The American Historian

From Index Cards to Text Files: Digital Workflows for Today’s Historian

Chris D. Cantwell

One of the first things I did when I started graduate school in 2003 was to contact a number of established historians whose work I admired. As a newcomer, I was eager to heed any advice these senior scholars might offer. One historian in particular was very generous with his time, talking with me in his office for over an hour about writing, teaching, and the academy. When the conversation turned to research, this established scholar pointed to his bookshelf and pronounced, “One day you too will have these things filling your shelves.” At first I thought he was talking about a row of published work.
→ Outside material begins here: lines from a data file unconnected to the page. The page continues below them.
(* Let $\mathcal T$ be an admissible labeled tree. For an unordered pair of labels $\{i,j\}$ let $b_{ij}$ be the number of edges of $\mathcal T$ whose endpoints have labels $i$ and $j$. Then \[ \sum_{\{i,j\}:\,b_{ij}>2} b_{ij}\le 6\,\Delta(\mathcal T). \]
   Context: Setting: $T$ is a finite rooted tree with levels (root at level $t$, children of a level-$s$ vertex at level $s-1$). A labeling gives each vertex $v$ a label $\ell(v)\in[N]$. The labeled tree $\mathcal T$ is admissible if (i) whenever $u$ is the parent of $v$ and $v$ the parent of $w$, $\ell(u)\ne\ell(w)$; (ii) for every edge $\{u,v\}$ there is another edge $\{u',v'\}$ with $\{\ell(u'),\ell(v')\}=\{\ell(u),\ell(v)\}$. $|V(\mathcal T)|$ is the number of distinct labels used (including the root's), $|E(\mathcal T)|$ the number of edges, and $\Delta(\mathcal T)=\tfrac12|E(\mathcal T)|-|V(\mathcal T)|+1$. *)

theory Defs
  imports Complex_Main
begin

text \<open>The root is at level t and every non-root vertex v has its
  parent par v in V, one level above v. (This forces V to be a rooted tree: following
  parents strictly increases the level, so every vertex reaches r.)
  The edges are the pairs {par v, v} for v in V - {r}, indexed by the child v.\<close>

definition leveled_rooted_tree ::
  "'a set \<Rightarrow> 'a \<Rightarrow> ('a \<Rightarrow> 'a) \<Rightarrow> ('a \<Rightarrow> nat) \<Rightarrow> nat \<Rightarrow> bool" where
  "leveled_rooted_tree V r par lev t \<longleftrightarrow>
     finite V \<and> r \<in> V \<and> lev r = t \<and>
     (\<forall>v \<in> V - {r}. par v \<in> V \<and> lev (par v) = lev v + 1)"

definition edge_labels :: "('a \<Rightarrow> 'a) \<Rightarrow> ('a \<Rightarrow> nat) \<Rightarrow> 'a \<Rightarrow> nat set" where
  "edge_labels par l v = {l (par v), l v}"

definition admissible ::
  "'a set \<Rightarrow> 'a \<Rightarrow> ('a \<Rightarrow> 'a) \<Rightarrow> ('a \<Rightarrow> nat) \<Rightarrow> nat \<Rightarrow> nat \<Rightarrow> ('a \<Rightarrow> nat) \<Rightarrow> bool" where
  "admissible V r par lev t N l \<longleftrightarrow>
     leveled_rooted_tree V r par lev t \<and>
     (\<forall>v \<in> V. l v \<in> {1..N}) \<and>
     \<comment> \<open>(i) grandparent and grandchild have different labels\<close>
     (\<forall>w \<in> V - {r}. par w \<noteq> r \<longrightarrow> l (par (par w)) \<noteq> l w) \<and>
     \<comment> \<open>(ii) every edge has another edge with the same pair of labels\<close>
     (\<forall>v \<in> V - {r}. \<exists>v' \<in> V - {r}. v' \<noteq> v \<and> edge_labels par l v' = edge_labels par l v)"

definition b_count :: "'a set \<Rightarrow> 'a \<Rightarrow> ('a \<Rightarrow> 'a) \<Rightarrow> ('a \<Rightarrow> nat) \<Rightarrow> nat set \<Rightarrow> nat" where
  "b_count V r par l P = card {v \<in> V - {r}. edge_labels par l v = P}"

definition num_labels :: "'a set \<Rightarrow> ('a \<Rightarrow> nat) \<Rightarrow> nat" where
  "num_labels V l = card (l ` V)"

definition num_edges :: "'a set \<Rightarrow> 'a \<Rightarrow> nat" where
  "num_edges V r = card (V - {r})"

definition Delta :: "'a set \<Rightarrow> 'a \<Rightarrow> ('a \<Rightarrow> nat) \<Rightarrow> real" where
  "Delta V r l = real (num_edges V r) / 2 - real (num_labels V l) + 1"

end

theory Submission
  imports Defs
begin

text \<open>Every class of edges with a common label pair has at least two members (admissibility (ii)),
  so a class of size \<open>b > 2\<close> satisfies \<open>b \<le> 3 (b - 2)\<close>, and summing \<open>b - 2\<close> over all classes gives
  \<open>|E| - 2 \<cdot> #classes\<close>. The label pairs of the edges connect all labels of the tree, hence
  \<open>#labels \<le> #classes + 1\<close>, which turns \<open>3 (|E| - 2 \<cdot> #classes)\<close> into at most \<open>6 \<Delta>\<close>.\<close>

lemma leveled_rooted_tree_obtain_leaf:
  assumes "leveled_rooted_tree V r par lev t" and "V \<noteq> {r}"
  obtains v where "v \<in> V - {r}" and "v \<notin> par ` (V - {r})"
proof -
  have fin: "finite (V - {r})" and ne: "V - {r} \<noteq> {}"
    using assms unfolding leveled_rooted_tree_def by auto
  obtain v where v: "v \<in> V - {r}" and "lev v = Min (lev ` (V - {r}))"
  proof -
    have "Min (lev ` (V - {r})) \<in> lev ` (V - {r})"
      using fin ne by simp
    then show thesis
      using that by (metis imageE)
  qed
  then have v_min: "lev v \<le> lev u" if "u \<in> V - {r}" for u
    using fin that by simp
  have "v \<notin> par ` (V - {r})"
  proof
    assume "v \<in> par ` (V - {r})"
    then obtain u where "u \<in> V - {r}" and "v = par u" by auto
    then have "lev v = lev u + 1" and "lev v \<le> lev u"
      using assms(1) v_min[of u] unfolding leveled_rooted_tree_def by auto
    then show False by simp
  qed
  with v show thesis by (rule that)
qed

lemma leveled_rooted_tree_remove_leaf:
  assumes "leveled_rooted_tree V r par lev t" and "v \<in> V - {r}" and "v \<notin> par ` (V - {r})"
  shows "leveled_rooted_tree (V - {v}) r par lev t"
  using assms unfolding leveled_rooted_tree_def by (auto simp: image_iff)

text \<open>Removing a leaf \<open>v\<close> either keeps the set of labels, or its label \<open>l v\<close> is new, and then so is
  the label pair of its edge, since \<open>l v\<close> belongs to that pair.\<close>

lemma card_labels_le_card_edge_labels:
  assumes "leveled_rooted_tree V r par lev t"
  shows "card (l ` V) \<le> card (edge_labels par l ` (V - {r})) + 1"
  using assms
proof (induction "card V" arbitrary: V rule: less_induct)
  case (less V)
  have fin: "finite V" and r: "r \<in> V"
    using less.prems unfolding leveled_rooted_tree_def by auto
  show ?case
  proof (cases "V = {r}")
    case True
    then show ?thesis by simp
  next
    case False
    then obtain v where v: "v \<in> V - {r}" and leaf: "v \<notin> par ` (V - {r})"
      using leveled_rooted_tree_obtain_leaf[OF less.prems] by blast
    let ?V' = "V - {v}"
    have tree': "leveled_rooted_tree ?V' r par lev t"
      using leveled_rooted_tree_remove_leaf[OF less.prems v leaf] .
    have IH: "card (l ` ?V') \<le> card (edge_labels par l ` (?V' - {r})) + 1"
    proof (rule less.hyps[OF _ tree'])
      show "card ?V' < card V"
        using fin v by (intro psubset_card_mono) auto
    qed
    have E_eq: "V - {r} = insert v (?V' - {r})"
      using v by auto
    have fin_E': "finite (edge_labels par l ` (?V' - {r}))"
      using fin by simp
    show ?thesis
    proof (cases "l v \<in> l ` ?V'")
      case True
      then have "l ` V = l ` ?V'"
        using v by blast
      moreover have "card (edge_labels par l ` (?V' - {r})) \<le> card (edge_labels par l ` (V - {r}))"
        using fin by (intro card_mono) auto
      ultimately show ?thesis
        using IH by simp
    next
      case False
      have "edge_labels par l v \<notin> edge_labels par l ` (?V' - {r})"
      proof
        assume "edge_labels par l v \<in> edge_labels par l ` (?V' - {r})"
        then obtain u where u: "u \<in> ?V' - {r}" and same: "edge_labels par l u = edge_labels par l v"
          by auto
        have "par u \<in> ?V'"
          using tree' u unfolding leveled_rooted_tree_def by auto
        moreover have "l v \<in> {l (par u), l u}"
          using same unfolding edge_labels_def by auto
        ultimately show False
          using False u by auto
      qed
      then have "card (edge_labels par l ` (V - {r})) = card (edge_labels par l ` (?V' - {r})) + 1"
        using fin_E' by (simp add: E_eq)
      moreover have "card (l ` V) \<le> card (l ` ?V') + 1"
      proof -
        have "l ` V = insert (l v) (l ` ?V')"
          using v by blast
        then show ?thesis
          using fin by (simp add: card_insert_if)
      qed
      ultimately show ?thesis
        using IH by simp
    qed
  qed
qed

lemma sum_b_count_eq_num_edges:
  assumes "finite V"
  shows "(\<Sum>P \<in> edge_labels par l ` (V - {r}). b_count V r par l P) = num_edges V r"
  using sum.image_gen[of "V - {r}" "\<lambda>_. 1::nat" "edge_labels par l"] assms
  unfolding b_count_def num_edges_def by (simp add: eq_commute)

lemma b_count_pos_imp_edge_labels:
  assumes "b_count V r par l P > 0"
  shows "P \<in> edge_labels par l ` (V - {r})"
proof -
  have "{v \<in> V - {r}. edge_labels par l v = P} \<noteq> {}"
    using assms unfolding b_count_def by (metis card.empty less_irrefl)
  then show ?thesis by auto
qed

lemma admissible_b_count_ge_2:
  assumes "admissible V r par lev t N l" and "P \<in> edge_labels par l ` (V - {r})"
  shows "b_count V r par l P \<ge> 2"
proof -
  obtain v where v: "v \<in> V - {r}" and P: "edge_labels par l v = P"
    using assms(2) by auto
  then obtain v' where v': "v' \<in> V - {r}" "v' \<noteq> v" "edge_labels par l v' = P"
    using assms(1) unfolding admissible_def by blast
  have "finite V"
    using assms(1) unfolding admissible_def leveled_rooted_tree_def by auto
  then have "card {v, v'} \<le> b_count V r par l P"
    unfolding b_count_def using v P v' by (intro card_mono) auto
  then show ?thesis
    using v' by simp
qed

lemma admissible_sum_b_count_minus_2:
  assumes "admissible V r par lev t N l"
  shows "(\<Sum>P \<in> edge_labels par l ` (V - {r}). b_count V r par l P - 2)
           + 2 * card (edge_labels par l ` (V - {r})) = num_edges V r"
proof -
  let ?S = "edge_labels par l ` (V - {r})"
  have fin: "finite V"
    using assms unfolding admissible_def leveled_rooted_tree_def by simp
  have "(\<Sum>P \<in> ?S. b_count V r par l P - 2) + 2 * card ?S = (\<Sum>P \<in> ?S. b_count V r par l P - 2 + 2)"
    by (simp add: sum.distrib del: add_2_eq_Suc')
  also have "\<dots> = (\<Sum>P \<in> ?S. b_count V r par l P)"
    using admissible_b_count_ge_2[OF assms] by (intro sum.cong) (auto simp del: add_2_eq_Suc')
  also have "\<dots> = num_edges V r"
    using sum_b_count_eq_num_edges[OF fin] .
  finally show ?thesis .
qed

lemma large_label_pairs_eq:
  "{P. (\<exists>i j. P = {i, j}) \<and> b_count V r par l P > 2}
     = {P \<in> edge_labels par l ` (V - {r}). b_count V r par l P > 2}"
  using b_count_pos_imp_edge_labels[of V r par l] unfolding edge_labels_def by force

lemma sum_gt_2_le_3_sum_minus_2:
  fixes f :: "'a \<Rightarrow> nat"
  assumes "finite S"
  shows "(\<Sum>x \<in> {x \<in> S. f x > 2}. f x) \<le> 3 * (\<Sum>x \<in> S. f x - 2)"
proof -
  have "(\<Sum>x \<in> {x \<in> S. f x > 2}. f x) \<le> (\<Sum>x \<in> {x \<in> S. f x > 2}. 3 * (f x - 2))"
    by (intro sum_mono) auto
  also have "\<dots> \<le> (\<Sum>x \<in> S. 3 * (f x - 2))"
    using assms by (intro sum_mono2) auto
  finally show ?thesis
    by (simp add: sum_distrib_left)
qed

theorem lemma2p12:
  fixes V :: "'a set" and r :: 'a and par :: "'a \<Rightarrow> 'a" and lev :: "'a \<Rightarrow> nat"
    and t N :: nat and l :: "'a \<Rightarrow> nat"
  assumes "admissible V r par lev t N l"
  shows "real (\<Sum>P \<in> {P. (\<exists>i j. P = {i, j}) \<and> b_count V r par l P > 2}. b_count V r par l P)
           \<le> 6 * Delta V r l"
proof -
  let ?S = "edge_labels par l ` (V - {r})"
  let ?b = "b_count V r par l"
  have tree: "leveled_rooted_tree V r par lev t"
    using assms unfolding admissible_def by simp
  then have "finite ?S"
    unfolding leveled_rooted_tree_def by simp
  then have "(\<Sum>P \<in> {P. (\<exists>i j. P = {i, j}) \<and> ?b P > 2}. ?b P) \<le> 3 * (\<Sum>P \<in> ?S. ?b P - 2)"
    unfolding large_label_pairs_eq by (rule sum_gt_2_le_3_sum_minus_2)
  moreover have "(\<Sum>P \<in> ?S. ?b P - 2) + 2 * card ?S = num_edges V r"
    using admissible_sum_b_count_minus_2[OF assms] .
  moreover have "card (l ` V) \<le> card ?S + 1"
    using card_labels_le_card_edge_labels[OF tree] .
  moreover have "6 * Delta V r l = 3 * real (num_edges V r) - 6 * real (card (l ` V)) + 6"
    unfolding Delta_def num_labels_def by simp
  ultimately show ?thesis
    by linarith
qed

end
It soon became clear, however, that he was referencing the index-card cabinets that sat on his shelf. “Make sure you organize your cards early,” he advised, proudly thumbing through thirty years’ worth of 3” x 5” notecards. “I can’t see researching without them.”

So much of the advice this generous historian gave me turned out to be right. But his preferred method for organizing his research has undergone a revolution in the last decade. While scholars once primarily trafficked in material objects, historians now work with a great deal of digital material. Notecards, photocopies, and microfilms have been largely replaced by PDFs, jpegs, and searchable databases. The change in the types of materials historians use has also been accompanied with an increased scale of abundance, as a single scholar can now download in an afternoon what some scholars acquired in a lifetime.

Given this deluge of digital primary sources, it is incumbent upon today’s historians to establish a digital workflow that manages it all. While such a process on its face might seem as bewildering as the proliferation of primary sources themselves, there are thankfully a number of tools and tactics that can facilitate the organization of our increasingly digital research archives. Databases and asset-management systems can help store the digital content historians now acquire, while bibliographic software can connect that material with our writing and research. While the forms this work takes might be new, the principles that guide their organization are as old as the index card. In the end, every good digital workflow ultimately comes down to two activities historians have long engaged in: managing our files, and organizing our citations.

File Management

Just as there is no single perfect, catch-all research method, there is no single “right” digital workflow. The workflow you choose will depend on your proclivities as a researcher and the kinds of materials you use. But every digital workflow begins with managing the files we put on our computers. Before you download an article from JSTOR or upload a photograph from an archive, you should devise a file structure in advance that outlines how you will store not only the material you have now, but also the sources you will acquire later.

I, for example, prefer to organize my files by document type. On my hard drive is a master folder labeled “Research,” inside of which are two more folders named “Primary” and “Secondary Sources.” In my “Primary Sources” folder are a host of other folders relevant to the material I most often use such as “Annual Reports-Proceedings,” “Directories,” and “Archival Sources,” where I finally place my PDFs, photographs, and files. My “Archival” folder is actually parsed even further, containing a folder for every repository I visit, and within those folders are separate folders for each collection. I opt to organize my material this way and not by project in part because I prefer to have complete control over the location of my sources. And as I’ll discuss in a moment, this general organization scheme also works because there are citation programs that allow you to connect a single file to multiple projects, negating the need to organize your original files by research tasks.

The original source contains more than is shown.